lemma null_cover_finite_unions:
  assumes "null_cover F" shows "null_cover (Union ` Fpow F)"
  unfolding null_cover_def
proof (rule conjI)
  show "\<forall>u\<in>Union ` Fpow F. u \<subseteq> {0..1} \<and> u \<in> null_sets lebesgue"
  proof
    fix u assume "u \<in> Union ` Fpow F"
    then obtain G where G: "u = \<Union>G" "G \<subseteq> F" "finite G" by (auto simp: Fpow_def)
    then have "\<forall>N\<in>G. N \<subseteq> {0..1} \<and> N \<in> null_sets lebesgue"
      using assms unfolding null_cover_def by blast
    moreover from this have "\<Union>G \<in> null_sets lebesgue"
      using G(3) by (intro null_sets.finite_Union) auto
    ultimately show "u \<subseteq> {0..1} \<and> u \<in> null_sets lebesgue" using G(1) by blast
  qed
  have "F \<subseteq> Union ` Fpow F"
  proof
    fix N assume "N \<in> F"
    then show "N \<in> Union ` Fpow F" by (intro image_eqI[of _ _ "{N}"]) (auto simp: Fpow_def)
  qed
  then have "\<Union>F \<subseteq> \<Union>(Union ` Fpow F)" by (rule Union_mono)
  moreover have "{0..1} \<subseteq> \<Union>F" using assms unfolding null_cover_def by simp
  ultimately show "{0..1} \<subseteq> \<Union>(Union ` Fpow F)" by (rule order_trans[rotated])
qed

lemma Union_Fpow_Un_closed:
  assumes "u \<in> Union ` Fpow F" "v \<in> Union ` Fpow F" shows "u \<union> v \<in> Union ` Fpow F"
proof -
  obtain G H where "G \<in> Fpow F" "H \<in> Fpow F" "u = \<Union>G" "v = \<Union>H" using assms by blast
  then show ?thesis by (intro image_eqI[of _ _ "G \<union> H"]) (auto simp: Fpow_def)
qed

lemma infinite_Union_Fpow_lepoll: "infinite F \<Longrightarrow> Union ` Fpow F \<lesssim> F"
  by (rule lepoll_trans2[OF image_lepoll eqpoll_Fpow])

lemma exists_double_indexing:
  assumes "infinite U" and "U \<lesssim> (UNIV :: 'b set)"
  shows "\<exists>(A :: 'b set) \<Phi>. \<Phi> ` A = U \<and> \<not> inj_on \<Phi> A \<and> A \<approx> U"
proof -
  have "|UNIV :: bool set| \<le>o |U|"
    using finite_lepoll_infinite[OF assms(1), of "UNIV :: bool set"] card_of_ordLeq
    unfolding lepoll_def by auto
  then have UB: "U \<times> (UNIV :: bool set) \<approx> U"
    using card_of_Times_infinite[OF assms(1)] eqpoll_iff_card_of_ordIso by auto
  then obtain \<iota> :: "'a \<times> bool \<Rightarrow> 'b" where inj: "inj_on \<iota> (U \<times> UNIV)"
    using lepoll_trans1[OF UB assms(2)] unfolding lepoll_def by blast
  define A where "A = \<iota> ` (U \<times> UNIV)"
  define \<Phi> where "\<Phi> a = fst (inv_into (U \<times> UNIV) \<iota> a)" for a
  have \<Phi>_\<iota>: "\<Phi> (\<iota> (u, b)) = u" if "u \<in> U" for u b
    unfolding \<Phi>_def using inj that by simp
  obtain u where u: "u \<in> U" using assms(1) by fastforce
  have "\<Phi> ` A = U" unfolding A_def by (force simp: \<Phi>_\<iota>)
  moreover have "\<not> inj_on \<Phi> A"
  proof
    assume "inj_on \<Phi> A"
    moreover have "\<iota> (u, True) \<noteq> \<iota> (u, False)" using inj u unfolding inj_on_def by blast
    ultimately show False using u \<Phi>_\<iota> unfolding A_def inj_on_def by auto
  qed
  moreover have "A \<approx> U" unfolding A_def by (rule eqpoll_trans[OF inj_on_image_eqpoll_self[OF inj] UB])
  ultimately show ?thesis by blast
qed

lemma exists_directed_null_cover_of_size_covN:
  "\<exists>(A :: real set) \<Phi>. null_cover (\<Phi> ` A) \<and> (\<forall>a\<in>A. \<forall>b\<in>A. \<exists>c\<in>A. \<Phi> a \<union> \<Phi> b \<subseteq> \<Phi> c)
     \<and> \<not> inj_on \<Phi> A \<and> card_eq_covN A"
proof -
  obtain F where F: "null_cover F" and F_least: "\<forall>G. null_cover G \<longrightarrow> F \<lesssim> G"
    using least_null_cover by blast
  define U where "U = Union ` Fpow F"
  have U: "null_cover U" unfolding U_def by (rule null_cover_finite_unions[OF F])
  have UF: "U \<lesssim> F" unfolding U_def by (rule infinite_Union_Fpow_lepoll[OF null_cover_infinite[OF F]])
  have "F \<lesssim> (\<lambda>x. {x}) ` {0..(1::real)}" using F_least null_cover_singletons by blast
  also have "\<dots> \<lesssim> {0..(1::real)}" by (rule image_lepoll)
  also have "\<dots> \<lesssim> (UNIV :: real set)" by (rule subset_imp_lepoll) simp
  finally have "U \<lesssim> (UNIV :: real set)" by (rule lepoll_trans[OF UF])
  then obtain A :: "real set" and \<Phi> where A: "\<Phi> ` A = U" "\<not> inj_on \<Phi> A" "A \<approx> U"
    using exists_double_indexing[OF null_cover_infinite[OF U]] by blast
  have directed: "\<forall>a\<in>A. \<forall>b\<in>A. \<exists>c\<in>A. \<Phi> a \<union> \<Phi> b \<subseteq> \<Phi> c"
  proof (intro ballI)
    fix a b assume "a \<in> A" "b \<in> A"
    then have "\<Phi> a \<in> U" "\<Phi> b \<in> U" using A(1) by auto
    then have "\<Phi> a \<union> \<Phi> b \<in> U" unfolding U_def by (rule Union_Fpow_Un_closed)
    then obtain c where "c \<in> A" "\<Phi> c = \<Phi> a \<union> \<Phi> b" using A(1) by (metis imageE)
    then show "\<exists>c\<in>A. \<Phi> a \<union> \<Phi> b \<subseteq> \<Phi> c" by blast
  qed
  have "A \<lesssim> G" if "null_cover G" for G
    using eqpoll_imp_lepoll[OF A(3)] UF F_least that by (blast intro: lepoll_trans)
  then have "card_eq_covN A" using A(3) U unfolding card_eq_covN_def by blast
  then show ?thesis using U A(1,2) directed by (intro exI[of _ A] exI[of _ \<Phi>]) simp
qed

lemma directed_set_inclusion_order:
  assumes "A \<noteq> {}" and "\<forall>a\<in>A. \<forall>b\<in>A. \<exists>c\<in>A. \<Phi> a \<union> \<Phi> b \<subseteq> \<Phi> c"
  shows "directed_set A (\<lambda>a b. \<Phi> a \<subseteq> \<Phi> b)"
  using assms unfolding directed_set_def by blast

lemma not_card_order_inclusion_order:
  assumes "\<not> inj_on \<Phi> A" shows "\<not> card_order_on A (dir_rel A (\<lambda>a b. \<Phi> a \<subseteq> \<Phi> b))"
proof
  assume "card_order_on A (dir_rel A (\<lambda>a b. \<Phi> a \<subseteq> \<Phi> b))"
  then have "antisym (dir_rel A (\<lambda>a b. \<Phi> a \<subseteq> \<Phi> b))"
    unfolding card_order_on_def well_order_on_def linear_order_on_def partial_order_on_def by blast
  with assms show False unfolding antisym_def dir_rel_def inj_on_def by auto
qed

• Aim of the task:
Every line above from the line with "fix a b assume" to the line with "then obtain c", inclusive, must be returned exactly; no other line belongs in the reply.

• Exercise result:
    fix a b assume "a \<in> A" "b \<in> A"
    then have "\<Phi> a \<in> U" "\<Phi> b \<in> U" using A(1) by auto
    then have "\<Phi> a \<union> \<Phi> b \<in> U" unfolding U_def by (rule Union_Fpow_Un_closed)
    then obtain c where "c \<in> A" "\<Phi> c = \<Phi> a \<union> \<Phi> b" using A(1) by (metis imageE)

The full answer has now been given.